From the lovely Hotel Braun and the quaint little hole-in-the-wall hotel room to the grand castle and through all the wintry lanes and snowy terrain, this film is insubstantial but still fun to watch thanks to Claudia and a score by Il Maestro, Ennio Morricone.

Jeremiah Johnson (1972) // Robert Redford was in his mid-to-late 30s at this time and he never looked better. For this story of a man who decides to live off the land in the mountains, Redford dragged Sydney Pollack out to Bob’s adopted home state of Utah. Did the company take up residence in one lonely spot to shoot their film? They did not. Instead art director Ted Howarth traversed some 26,000 miles to find locations. Did he narrow it down to a half dozen suitable spots? He did not. Instead the film showcases almost 100 different locations including the aptly named Snow Canyon State Park, Sundance Resort, Zion National Park and many other substantial places.

It’s one of those films that does well depicting the challenges of the life of a mountain man, particularly when the temperature drops. One thing I enjoyed that I had never seen in any other film was sleeping in the wild over a bed of warm coals. That’s quite brilliant – if its done right. Jeremiah Johnson shows the brutal terrain, frigid waters and – like other films we’ve talked about today – the fact that cold can kill you. Take Hatchet Jack. The late mountain man is featured in this clip that shows much of the hardship we’ve been talking about. I’m uncomfortable watching Jeremiah fumble around in the water – so, not only cold but now wet – and we see how the conditions can even conspire against you lighting a fire.

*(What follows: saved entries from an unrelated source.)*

lemma continuous_map_chart_homotopy:
  fixes H :: "real \<Rightarrow> real \<Rightarrow> complex^'n^'n"
  assumes H: "continuous_on ({0..1} \<times> {0..1}) (\<lambda>(s, t). H s t)"
    and \<rho>: "continuous_map X (top_of_set {0..1}) \<rho>" and p: "continuous_map E X p" and S: "S \<subseteq> W"
  shows "continuous_map (subtopology (prod_topology (top_of_set {0..1}) E)
      (topspace (top_of_set {0..1}) \<times> {e \<in> topspace E. p e \<in> S})) E
      (\<lambda>(t, e). chart_action h g (H (\<rho> (p e)) t) (p e) e)"
proof -
  let ?Z = "subtopology (prod_topology (top_of_set {0..1::real}) E) ({0..1} \<times> {e \<in> topspace E. p e \<in> S})"
  have "continuous_map ?Z (top_of_set {0..1}) (\<lambda>z. \<rho> (p (snd z)))"
    using continuous_map_compose[OF continuous_map_compose[OF continuous_map_snd p] \<rho>]
    by (intro continuous_map_from_subtopology) (simp add: o_def)
  then have A: "continuous_map ?Z euclidean (\<lambda>z. H (\<rho> (p (snd z))) (fst z))"
    by (intro continuous_map_on_unit_square[OF H])
      (simp_all add: continuous_map_from_subtopology continuous_map_fst)
  have "continuous_map ?Z E (\<lambda>z. chart_action h g (H (\<rho> (p (snd z))) (fst z)) (p (snd z)) (snd z))"
    using S by (intro continuous_map_chart_action[OF continuous_map_from_subtopology[OF continuous_map_snd] _ A])
      auto
  then show ?thesis
    by (simp add: case_prod_beta')
qed

lemma frame_matrix_chart_nth:
  assumes "y \<in> W" "fibre_linear E p vadd vsmul y f"
  shows "frame_matrix (curry g y) (curry g y) f $ i $ j = snd (h (f (g (y, axis j 1)))) $ i"
  using assms by (simp add: frame_matrix_def matrix_def the_inv_chart fibre_linear_in_fibre g_fibre)
(* Let $\mathcal H=\mathcal H_A\otimes\mathcal H_B\otimes\mathcal H_C\otimes\mathcal H_D$ with finite-dimensional factors, and let $|\Psi\rangle=|\psi\rangle\otimes|\phi\rangle$, where $|\psi\rangle$ is a unit vector in the tensor product of three of the four factors and $|\phi\rangle$ is a unit vector in the remaining factor. Then for all $\alpha,\beta>0$, $\langle\Psi|\rho_{AB}^\alpha\rho_{BC}^\beta|\Psi\rangle>0$; in particular $\omega_{\alpha,\beta}(|\Psi\rangle)=1$.
   Context: $\rho_R$ is the reduced density operator of $|\Psi\rangle\langle\Psi|$ on the factors in $R$ (acting as identity on the others), $AB$ means $A\cup B$, etc. Powers are defined by spectral calculus with $0^\alpha=0$. $\omega_{\alpha,\beta}=\langle\rho_{AB}^\alpha\rho_{BC}^\beta\rangle/|\langle\rho_{AB}^\alpha\rho_{BC}^\beta\rangle|$. *)

theory Defs
  imports "HOL-Analysis.Analysis"
begin

text \<open>Vectors of H = H_A (x) H_B (x) H_C (x) H_D are represented in the product basis,
  i.e. as elements of complex ^ ('a * 'b * 'c * 'd) for finite index types 'a, 'b, 'c, 'd
  (the dimensions of the factors).\<close>

type_synonym ('a, 'b, 'c, 'd) state = "complex ^ ('a \<times> 'b \<times> 'c \<times> 'd)"
type_synonym ('a, 'b, 'c, 'd) oper =
  "complex ^ ('a \<times> 'b \<times> 'c \<times> 'd) ^ ('a \<times> 'b \<times> 'c \<times> 'd)"
(* Let $n$ be odd and squarefree, with $\Omega(n)\geq 3$ and every prime divisor of $n$ at least $7$. Then a sequence in $\mathbb{Z}_n$ is an $S(n)$-extremal sequence for the Davenport constant if and only if it is a $U(n)$-extremal sequence for the Davenport constant.
   Context: $\mathbb{Z}_n$ is the integers mod $n$, $U(n)$ its unit group. For nonempty $A\subseteq\mathbb{Z}_n\setminus\{0\}$, a sequence $(x_1,\ldots,x_k)$ is an $A$-weighted zero-sum sequence if $\sum a_ix_i=0$ for some $a_i\in A$; $D_A(n)$ is the least $k$ such that every length-$k$ sequence in $\mathbb{Z}_n$ has a nonempty $A$-weighted zero-sum subsequence; an $A$-extremal sequence for the Davenport constant is a sequence of length $D_A(n)-1$ with no $A$-weighted zero-sum subsequence. $\Omega(n)$ is the number of prime factors with multiplicity. For odd $n=\prod p_i^{r_i}$ and $a\in U(n)$, $\left(\frac{a}{n}\right)=\prod\left(\frac{a}{p_i}\right)^{r_i}$ (Legendre symbols of images mod $p_i$), and $S(n)$ is the kernel of $a\mapsto\left(\frac{a}{n}\right)$ on $U(n)$. *)

theory Defs
  imports "HOL-Number_Theory.Number_Theory" "HOL-Computational_Algebra.Squarefree"
begin

text \<open>Elements of Z_n are represented by naturals in {0..<n}; a sequence in Z_n is a
list xs with set xs contained in {..<n}.\<close>

definition Zn_seq :: "nat \<Rightarrow> nat list \<Rightarrow> bool" where
  "Zn_seq n xs \<longleftrightarrow> set xs \<subseteq> {..<n}"

definition has_wzs_subseq :: "nat \<Rightarrow> nat set \<Rightarrow> nat list \<Rightarrow> bool" where
  "has_wzs_subseq n A xs \<longleftrightarrow>
     (\<exists>I w. I \<subseteq> {..<length xs} \<and> I \<noteq> {} \<and> (\<forall>i\<in>I. w i \<in> A) \<and>
            (\<Sum>i\<in>I. w i * xs ! i) mod n = 0)"

definition davenportA :: "nat \<Rightarrow> nat set \<Rightarrow> nat" where
  "davenportA n A = (LEAST k. \<forall>xs. Zn_seq n xs \<and> length xs = k \<longrightarrow> has_wzs_subseq n A xs)"

definition extremal_seq :: "nat \<Rightarrow> nat set \<Rightarrow> nat list \<Rightarrow> bool" where
  "extremal_seq n A xs \<longleftrightarrow> Zn_seq n xs \<and> length xs = davenportA n A - 1 \<and>
     \<not> has_wzs_subseq n A xs"

definition unitsZ :: "nat \<Rightarrow> nat set" where
  "unitsZ n = {a. 0 < a \<and> a < n \<and> coprime a n}"

definition jacobi :: "nat \<Rightarrow> nat \<Rightarrow> int" where
  "jacobi a n = (\<Prod>p\<in>prime_factors n. Legendre (int a) (int p) ^ multiplicity p n)"

definition Sn :: "nat \<Rightarrow> nat set" where
  "Sn n = {a \<in> unitsZ n. jacobi a n = 1}"
lemma cnv_subset_Union_fan_triangulation_outer:
  assumes abc: "1 \<le> a" "a < b" "b < c" "c \<le> n"
  shows "cnv t ({1..a} \<union> {c..n}) \<subseteq> \<Union> (cnv t ` fan_triangulation n a b c)"
proof -
  let ?T = "fan_triangulation n a b c"
  have abc_mem: "{a, b, c} \<in> ?T" and acn_mem: "c < n \<Longrightarrow> {a, c, n} \<in> ?T"
    and fans: "fan 1 a n \<subseteq> ?T" "fan c (n - 1) n \<subseteq> ?T"
    by (auto simp: fan_triangulation_def inner_triangles_def outer_triangles_def)
  obtain \<rho> where \<rho>: "{1, n} \<subseteq> \<rho>" "\<rho> \<in> ?T"
  proof (cases "a = 1")
    case True
    then show ?thesis
      using that[OF _ abc_mem] that[OF _ acn_mem] abc(4) by (cases "c < n") auto
  next
    case False
    then have "{1, Suc 1, n} \<in> fan 1 a n"
      using abc(1) unfolding mem_fan_iff by auto
    then have "{1, Suc 1, n} \<in> ?T"
      using fans(1) by blast
    then show ?thesis
      using that by blast
  qed
  show ?thesis
  proof (rule cnv_subset_by_chord_split[of _ a n])
    show "cnv t {k \<in> {1..a} \<union> {c..n}. k \<le> a \<or> n \<le> k} \<subseteq> \<Union> (cnv t ` ?T)"
      by (rule cnv_subset_Union_of_fan[OF _ _ _ _ _ fans(1) \<rho>]) (use abc in auto)
    show "cnv t {k \<in> {1..a} \<union> {c..n}. a \<le> k \<and> k \<le> n} \<subseteq> \<Union> (cnv t ` ?T)"
    proof (cases "c < n")
      case False
      then show ?thesis
        by (intro cnv_subset_Union_of_subset[OF _ abc_mem]) auto
    next
      case True
      show ?thesis
      proof (rule cnv_subset_by_chord_split[of _ c n])
        show "cnv t {k \<in> {k \<in> {1..a} \<union> {c..n}. a \<le> k \<and> k \<le> n}. c \<le> k \<and> k \<le> n} \<subseteq> \<Union> (cnv t ` ?T)"
          by (rule cnv_subset_Union_of_fan[OF _ _ _ _ _ fans(2) _ acn_mem[OF True]]) (use abc True in auto)
        show "cnv t {k \<in> {k \<in> {1..a} \<union> {c..n}. a \<le> k \<and> k \<le> n}. k \<le> c \<or> n \<le> k} \<subseteq> \<Union> (cnv t ` ?T)"
          by (rule cnv_subset_Union_of_subset[OF _ acn_mem[OF True]]) auto
      qed (use abc True in auto)
    qed
  qed (use abc in auto)
qed

lemma cnv_subset_Union_fan_triangulation:
  assumes abc: "1 \<le> a" "a < b" "b < c" "c \<le> n"
  shows "cnv t {1..n} \<subseteq> \<Union> (cnv t ` fan_triangulation n a b c)"
proof (rule cnv_subset_by_chord_split[of _ a c])
  show "cnv t {k \<in> {1..n}. a \<le> k \<and> k \<le> c} \<subseteq> \<Union> (cnv t ` fan_triangulation n a b c)"
  proof -
    have "{k \<in> {1..n}. a \<le> k \<and> k \<le> c} = {a..c}"
      using abc by auto
    then show ?thesis
      using cnv_subset_Union_fan_triangulation_inner[OF abc] by simp
  qed
  show "cnv t {k \<in> {1..n}. k \<le> a \<or> c \<le> k} \<subseteq> \<Union> (cnv t ` fan_triangulation n a b c)"
  proof -
    have "{k \<in> {1..n}. k \<le> a \<or> c \<le> k} = {1..a} \<union> {c..n}"
      using abc by auto
    then show ?thesis
      using cnv_subset_Union_fan_triangulation_outer[OF abc] by simp
  qed
qed (use abc in auto)

lemma triangulation_fan_triangulation:
  assumes abc: "1 \<le> a" "a < b" "b < c" "c \<le> n"
  shows "triangulation n t (fan_triangulation n a b c)"
proof -
  let ?T = "fan_triangulation n a b c"
  have "\<not> overlap t R R'" if R: "R \<in> ?T" "R' \<in> ?T" "R \<noteq> R'" for R R'
  proof -
    have "R \<subseteq> {1..n}" "R' \<subseteq> {1..n}"
      using fan_triangulation_subset_card(1)[OF abc] R(1,2) by blast+
    then show ?thesis
      using fan_triangulation_chord_separated[OF abc R] not_overlap_if_chord_separated
        overlap_commute by blast
  qed
  moreover have "(\<Union>\<rho>\<in>?T. cnv t \<rho>) = cnv t {1..n}"
    using cnv_subset_Union_fan_triangulation[OF abc] cnv_mono[of _ "{1..n}" t]
      fan_triangulation_subset_card(1)[OF abc] by blast
  ultimately show ?thesis
    unfolding triangulation_def using fan_triangulation_subset_card[OF abc] by blast
qed
(* The union bound below holds for every number m of steps; its middle term vanishes as m grows. *)

lemma prob_hitting_time_gt:
  assumes L: "1 \<le> L" "4 \<le> drift * real L" and \<alpha>: "0 < \<alpha>" and \<epsilon>: "0 < \<epsilon>"
  shows "prob {\<omega> \<in> space M. ereal \<epsilon> < ereal \<alpha> * bd_hitting_time c k0 (\<lambda>i. X i \<omega>) K}
    \<le> (1 / (1 + c)) ^ (k0 - L) + 2 / drift * (ln (real K) - ln (real k0)) * \<alpha> / \<epsilon>"
    (is "prob ?B \<le> ?A + ?G")
proof -
  have bound: "prob ?B \<le> ?A + real K / (drift * real m) + ?G" if "0 < m" for m
  proof -
    let ?D = "{\<omega> \<in> space M. walk m \<omega> \<le> L}" and ?S = "{\<omega> \<in> space M. walk m \<omega> \<in> {L<..<K}}"
      and ?T = "{\<omega> \<in> space M. \<epsilon> / \<alpha> \<le> exit_time_bound m \<omega>}"
    have events: "?D \<in> events" "?S \<in> events" "?T \<in> events"
      using sets_walk[of m "{..L}"] sets_walk[of m "{L<..<K}"] by auto
    have "0 < K" using L start_between by simp
    from hitting_time_gt_cases_AE[OF this \<alpha>, of \<epsilon> m]
    have "prob ?B \<le> prob (?D \<union> ?S \<union> ?T)"
      using events by (intro finite_measure_mono_AE) (auto elim!: eventually_mono)
    also have "\<dots> \<le> prob ?D + prob ?S + prob ?T"
      using events by (intro order_trans[OF measure_Un_le] add_mono[OF measure_Un_le]) auto
    also have "prob ?T \<le> ?G"
      using prob_exit_time_bound_ge[OF L, of "\<epsilon> / \<alpha>" m] \<alpha> \<epsilon> by simp
    finally show ?thesis using prob_walk_le_L[of m] prob_walk_inside[OF that] by linarith
  qed
  have "prob ?B \<le> ?A + real K / drift * inverse (real (Suc m)) + ?G" for m
    using bound[of "Suc m"] by (simp add: divide_inverse mult.assoc)
  moreover have "(\<lambda>m. ?A + real K / drift * inverse (real (Suc m)) + ?G) \<longlonglongrightarrow> ?A + 0 + ?G"
    by (intro tendsto_add tendsto_const tendsto_mult_right_zero LIMSEQ_inverse_real_of_nat)
  ultimately show ?thesis
    by (intro LIMSEQ_le_const[where a = "prob ?B"]) auto
qed

end

lemma hitting_time_tail_bound:
  fixes M :: "'a measure" and X :: "nat \<times> bool \<Rightarrow> 'a \<Rightarrow> real"
  assumes "prob_space M" "prob_space.indep_vars M (\<lambda>_. borel) X UNIV"
    "\<And>i. distributed M lborel (X i) (exponential_density 1)"
    and c: "0 < c" and "k0 \<le> K" and large: "8 * (2 + c) \<le> c * (real k0 - 1)" and "0 < \<alpha>" "0 < \<epsilon>"
  shows "measure M {\<omega> \<in> space M. ereal \<alpha> * bd_hitting_time c k0 (\<lambda>i. X i \<omega>) K > ereal \<epsilon>}
    \<le> 1 / (1 + c * real k0 / 2) + 2 * (2 + c) / c * (ln (real K) - ln (real k0)) * \<alpha> / \<epsilon>"
proof -
  define L where "L = k0 div 2"
  interpret exp_clock_walk M X c L K k0
    by (intro exp_clock_walk.intro exp_clock_walk_axioms.intro) (use assms in \<open>auto simp: L_def\<close>)
  have "0 < c * (real k0 - 1)" using large c by (smt (verit))
  then have "1 < k0" using c by (simp add: zero_less_mult_iff)
  then have "1 \<le> L" by (simp add: L_def)
  have "real k0 - 1 \<le> 2 * real L" unfolding L_def by linarith
  then have "c * (real k0 - 1) \<le> c * (2 * real L)" using c by (intro mult_left_mono) auto
  then have "4 * (2 + c) \<le> c * real L" using large by simp
  then have "4 \<le> drift * real L" using c by (simp add: drift_def pos_le_divide_eq)
  note tail = prob_hitting_time_gt[OF \<open>1 \<le> L\<close> this \<open>0 < \<alpha>\<close> \<open>0 < \<epsilon>\<close>]
  have "real k0 / 2 \<le> real (k0 - L)" unfolding L_def by linarith
  then have "1 + c * real k0 / 2 \<le> 1 + real (k0 - L) * c"
    using c by (simp add: mult.commute mult_left_mono)
  also have "\<dots> \<le> (1 + c) ^ (k0 - L)" using c by (intro Bernoulli_inequality) auto
  finally have "(1 / (1 + c)) ^ (k0 - L) \<le> 1 / (1 + c * real k0 / 2)"
    unfolding power_one_over using c by (intro frac_le) (auto intro: add_pos_nonneg)
  moreover have "2 / drift = 2 * (2 + c) / c" by (simp add: drift_def)
  ultimately show ?thesis using tail by simp
qed

lemma ln_floor_ratio_bounds:
  fixes r y :: real
  assumes "1 < r" "r \<le> y"
  shows "0 \<le> ln (real (nat \<lfloor>y\<rfloor>)) - ln (real (nat \<lfloor>r\<rfloor>))"
    and "ln (real (nat \<lfloor>y\<rfloor>)) - ln (real (nat \<lfloor>r\<rfloor>)) \<le> ln y - ln (r - 1)"
proof -
  have r: "r - 1 \<le> real (nat \<lfloor>r\<rfloor>)" "0 < r - 1" "0 < real (nat \<lfloor>r\<rfloor>)"
    using assms(1) real_of_int_floor_gt_diff_one[of r] by simp_all
  have y: "real (nat \<lfloor>r\<rfloor>) \<le> real (nat \<lfloor>y\<rfloor>)" "real (nat \<lfloor>y\<rfloor>) \<le> y"
    using assms by (simp_all add: floor_mono nat_mono)
  note ln_mono[OF y(1) r(3)] ln_mono[OF y(2) order_less_le_trans[OF r(3) y(1)]] ln_mono[OF r(1,2)]
  then show "0 \<le> ln (real (nat \<lfloor>y\<rfloor>)) - ln (real (nat \<lfloor>r\<rfloor>))"
    and "ln (real (nat \<lfloor>y\<rfloor>)) - ln (real (nat \<lfloor>r\<rfloor>)) \<le> ln y - ln (r - 1)" by linarith+
qed

lemma hitting_time_tail_bound_floor:
  fixes M :: "'a measure" and X :: "nat \<times> bool \<Rightarrow> 'a \<Rightarrow> real"
  assumes "prob_space M" "prob_space.indep_vars M (\<lambda>_. borel) X UNIV"
    "\<And>i. distributed M lborel (X i) (exponential_density 1)"
    and a: "0 < a" and \<phi>: "0 < \<psi>" "\<psi> \<le> \<phi>" "\<phi> \<le> 1" and "0 < s" "0 < \<epsilon>"
    and gap: "r + 1 \<le> y" and large: "8 * (2 + a) \<le> a * \<psi> * (r - 2)"
  shows "measure M {\<omega> \<in> space M. ereal (\<phi> / s) * bd_hitting_time (a * \<phi>) (nat \<lfloor>r\<rfloor>) (\<lambda>i. X i \<omega>) (nat \<lfloor>y\<rfloor>) > ereal \<epsilon>}
    \<le> 1 / (1 + a * \<psi> * (r - 1) / 2) + 2 * (2 + a) / (a * \<epsilon>) * ((ln y - ln (r - 1)) / s)"
proof -
  have "0 < a * \<psi> * (r - 2)" using large a by (smt (verit))
  moreover have "0 < a * \<psi>" using a \<phi> by simp
  ultimately have "2 < r" by (simp add: zero_less_mult_iff)
  have k0: "r - 1 < real (nat \<lfloor>r\<rfloor>)"
    using \<open>2 < r\<close> real_of_int_floor_gt_diff_one[of r] by simp
  have K: "nat \<lfloor>r\<rfloor> \<le> nat \<lfloor>y\<rfloor>" using gap by (simp add: floor_mono nat_mono)
  have "r - 2 \<le> real (nat \<lfloor>r\<rfloor>) - 1" using k0 by linarith
  then have "a * \<psi> * (r - 2) \<le> a * \<phi> * (real (nat \<lfloor>r\<rfloor>) - 1)"
    using a \<phi> \<open>2 < r\<close> by (intro mult_mono) auto
  moreover have "a * \<phi> \<le> a" using a \<phi> by (simp add: mult_left_le)
  ultimately have "8 * (2 + a * \<phi>) \<le> a * \<phi> * (real (nat \<lfloor>r\<rfloor>) - 1)"
    using large by (simp add: distrib_left)
  note tail = hitting_time_tail_bound[OF assms(1-3) _ K this, of "\<phi> / s" \<epsilon>]
  have "1 / (1 + a * \<phi> * real (nat \<lfloor>r\<rfloor>) / 2) \<le> 1 / (1 + a * \<psi> * (r - 1) / 2)"
  proof (rule frac_le)
    have "a * \<psi> * (r - 1) \<le> a * \<phi> * real (nat \<lfloor>r\<rfloor>)"
      using a \<phi> k0 \<open>2 < r\<close> by (intro mult_mono) auto
    then show "1 + a * \<psi> * (r - 1) / 2 \<le> 1 + a * \<phi> * real (nat \<lfloor>r\<rfloor>) / 2" by simp
    show "0 < 1 + a * \<psi> * (r - 1) / 2" using a \<phi> \<open>2 < r\<close> by (simp add: add_pos_nonneg)
  qed simp_all
  moreover have "2 * (2 + a * \<phi>) / (a * \<phi>) * (ln (real (nat \<lfloor>y\<rfloor>)) - ln (real (nat \<lfloor>r\<rfloor>))) * (\<phi> / s) / \<epsilon>
      \<le> 2 * (2 + a) / (a * \<epsilon>) * ((ln y - ln (r - 1)) / s)"
  proof -
    have "1 < r" "r \<le> y" using \<open>2 < r\<close> gap by linarith+
    note ln_ratio = ln_floor_ratio_bounds[OF this]
    have "2 * (2 + a * \<phi>) / (a * \<epsilon>) * ((ln (real (nat \<lfloor>y\<rfloor>)) - ln (real (nat \<lfloor>r\<rfloor>))) / s)
        \<le> 2 * (2 + a) / (a * \<epsilon>) * ((ln y - ln (r - 1)) / s)"
      using a \<phi> \<open>0 < s\<close> \<open>0 < \<epsilon>\<close> ln_ratio by (intro mult_mono divide_right_mono) (auto simp: mult_left_le)
    moreover have "2 * (2 + a * \<phi>) / (a * \<phi>) * (ln (real (nat \<lfloor>y\<rfloor>)) - ln (real (nat \<lfloor>r\<rfloor>))) * (\<phi> / s) / \<epsilon>
        = 2 * (2 + a * \<phi>) / (a * \<epsilon>) * ((ln (real (nat \<lfloor>y\<rfloor>)) - ln (real (nat \<lfloor>r\<rfloor>))) / s)"
      using a \<phi> \<open>0 < s\<close> \<open>0 < \<epsilon>\<close> by (simp add: field_simps)
    ultimately show ?thesis by simp
  qed
  ultimately show ?thesis using tail a \<phi> \<open>0 < s\<close> \<open>0 < \<epsilon>\<close> by simp
qed

lemma eventually_powr_le_of_neg_log_tendsto:
  fixes \<phi> :: "nat \<Rightarrow> real"
  assumes lim: "(\<lambda>N. - log (real N) (\<phi> N)) \<longlonglongrightarrow> b" and "b < \<beta>" and pos: "\<And>N. 0 < \<phi> N"
  shows "eventually (\<lambda>N. real N powr (- \<beta>) \<le> \<phi> N) sequentially"
  using order_tendstoD(2)[OF lim \<open>b < \<beta>\<close>] eventually_ge_at_top[of 2]
proof eventually_elim
  case (elim N)
  then have "- \<beta> < log (real N) (\<phi> N)" "1 < real N" by auto
  then have "real N powr (- \<beta>) \<le> real N powr (log (real N) (\<phi> N))" by (intro powr_mono) auto
  also have "\<dots> = \<phi> N" using \<open>1 < real N\<close> pos[of N] by simp
  finally show ?case .
qed

lemma eventually_hitting_time_tail_le:
  fixes \<phi> :: "nat \<Rightarrow> real" and M :: "nat \<Rightarrow> 'a measure" and X :: "nat \<Rightarrow> nat \<times> bool \<Rightarrow> 'a \<Rightarrow> real"
  assumes prob: "\<And>N. prob_space (M N)"
    and indep: "\<And>N. prob_space.indep_vars (M N) (\<lambda>_. borel) (X N) UNIV"
    and expo: "\<And>N i. distributed (M N) lborel (X N i) (exponential_density 1)"
    and a: "0 < a" and \<phi>: "\<And>N. \<phi> N \<le> 1" "eventually (\<lambda>N. real N powr (- \<beta>) \<le> \<phi> N) sequentially"
    and "\<beta> < 1" "0 < \<epsilon>"
  shows "eventually (\<lambda>N. measure (M N) {\<omega> \<in> space (M N). ereal (\<phi> N / sqrt (ln (real N))) *
      bd_hitting_time (a * \<phi> N) (nat \<lfloor>real N / sqrt (ln (real N))\<rfloor>) (\<lambda>i. X N i \<omega>)
        (nat \<lfloor>real N * (1 - 1 / sqrt (ln (real N)))\<rfloor>) > ereal \<epsilon>}
    \<le> 1 / (1 + a * real N powr (- \<beta>) * (real N / sqrt (ln (real N)) - 1) / 2)
      + 2 * (2 + a) / (a * \<epsilon>) * ((ln (real N * (1 - 1 / sqrt (ln (real N))))
        - ln (real N / sqrt (ln (real N)) - 1)) / sqrt (ln (real N)))) sequentially"
proof -
  have "eventually (\<lambda>N. 0 < sqrt (ln (real N))) sequentially" by real_asymp
  moreover have "eventually (\<lambda>N. 0 < real N powr (- \<beta>)) sequentially" by real_asymp
  moreover have "eventually (\<lambda>N. real N / sqrt (ln (real N)) + 1 \<le> real N * (1 - 1 / sqrt (ln (real N)))) sequentially"
    by real_asymp
  moreover have "eventually (\<lambda>N. 8 * (2 + a) \<le> a * real N powr (- \<beta>) * (real N / sqrt (ln (real N)) - 2)) sequentially"
    using \<open>\<beta> < 1\<close> a by real_asymp
  ultimately show ?thesis using \<phi>(2)
  proof eventually_elim
    case (elim N)
    show ?case
      by (rule hitting_time_tail_bound_floor[OF prob indep expo a elim(2) elim(5) \<phi>(1) elim(1) \<open>0 < \<epsilon>\<close> elim(3) elim(4)])
  qed
qed

theorem proposition3p3:
  fixes a b :: real and \<phi> :: "nat \<Rightarrow> real"
    and M :: "nat \<Rightarrow> 'a measure" and X :: "nat \<Rightarrow> nat \<times> bool \<Rightarrow> 'a \<Rightarrow> real"
  assumes a_pos: "a > 0"
    and phi_bounds: "\<And>N. 0 < \<phi> N \<and> \<phi> N \<le> 1"
    and phi_lim: "(\<lambda>N. - log (real N) (\<phi> N)) \<longlonglongrightarrow> b"
    and b_range: "0 \<le> b" "b < 1"
    and prob: "\<And>N. prob_space (M N)"
    and indep: "\<And>N. prob_space.indep_vars (M N) (\<lambda>_. borel) (X N) UNIV"
    and expo: "\<And>N i. distributed (M N) lborel (X N i) (exponential_density 1)"
  shows "\<forall>\<epsilon>>0. (\<lambda>N. measure (M N)
           {\<omega> \<in> space (M N).
              ereal (\<phi> N / sqrt (ln (real N))) *
                bd_hitting_time (a * \<phi> N) (nat \<lfloor>real N / sqrt (ln (real N))\<rfloor>) (\<lambda>i. X N i \<omega>)
                  (nat \<lfloor>real N * (1 - 1 / sqrt (ln (real N)))\<rfloor>) > ereal \<epsilon>})
         \<longlonglongrightarrow> 0"
proof (intro allI impI)
  fix \<epsilon> :: real assume "0 < \<epsilon>"
  define \<beta> where "\<beta> = (1 + b) / 2"
  have \<beta>: "b < \<beta>" "\<beta> < 1" using b_range by (auto simp: \<beta>_def)
  have "eventually (\<lambda>N. real N powr (- \<beta>) \<le> \<phi> N) sequentially"
    using eventually_powr_le_of_neg_log_tendsto[OF phi_lim \<beta>(1)] phi_bounds by blast
  note tail_le = eventually_hitting_time_tail_le[OF prob indep expo a_pos _ this \<beta>(2) \<open>0 < \<epsilon>\<close>]
  have bound_lim: "(\<lambda>N. 1 / (1 + a * real N powr (- \<beta>) * (real N / sqrt (ln (real N)) - 1) / 2)
      + 2 * (2 + a) / (a * \<epsilon>) * ((ln (real N * (1 - 1 / sqrt (ln (real N))))
        - ln (real N / sqrt (ln (real N)) - 1)) / sqrt (ln (real N)))) \<longlonglongrightarrow> 0"
    using \<beta> a_pos \<open>0 < \<epsilon>\<close> by real_asymp
  show "(\<lambda>N. measure (M N) {\<omega> \<in> space (M N). ereal (\<phi> N / sqrt (ln (real N))) *
      bd_hitting_time (a * \<phi> N) (nat \<lfloor>real N / sqrt (ln (real N))\<rfloor>) (\<lambda>i. X N i \<omega>)
        (nat \<lfloor>real N * (1 - 1 / sqrt (ln (real N)))\<rfloor>) > ereal \<epsilon>}) \<longlonglongrightarrow> 0"
    using phi_bounds by (intro tendsto_sandwich[OF always_eventually tail_le tendsto_const bound_lim]) simp_all
qed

Listen to the wind; ominous, deadly.


Maybe you feel me when I say that I’d like to think that I’m made of the same sort of stuff that Jeremiah Johnson was. That I can adapt, improvise and put up with another winter. Maybe. But when the thermometer hits minus 20, instead of seeing how I stack up against the elements, you’ll more likely find me basement camping. Under a blanket, electric fireplace blazing, eating popcorn, drinking a Dr. Pepper and watching one of these films.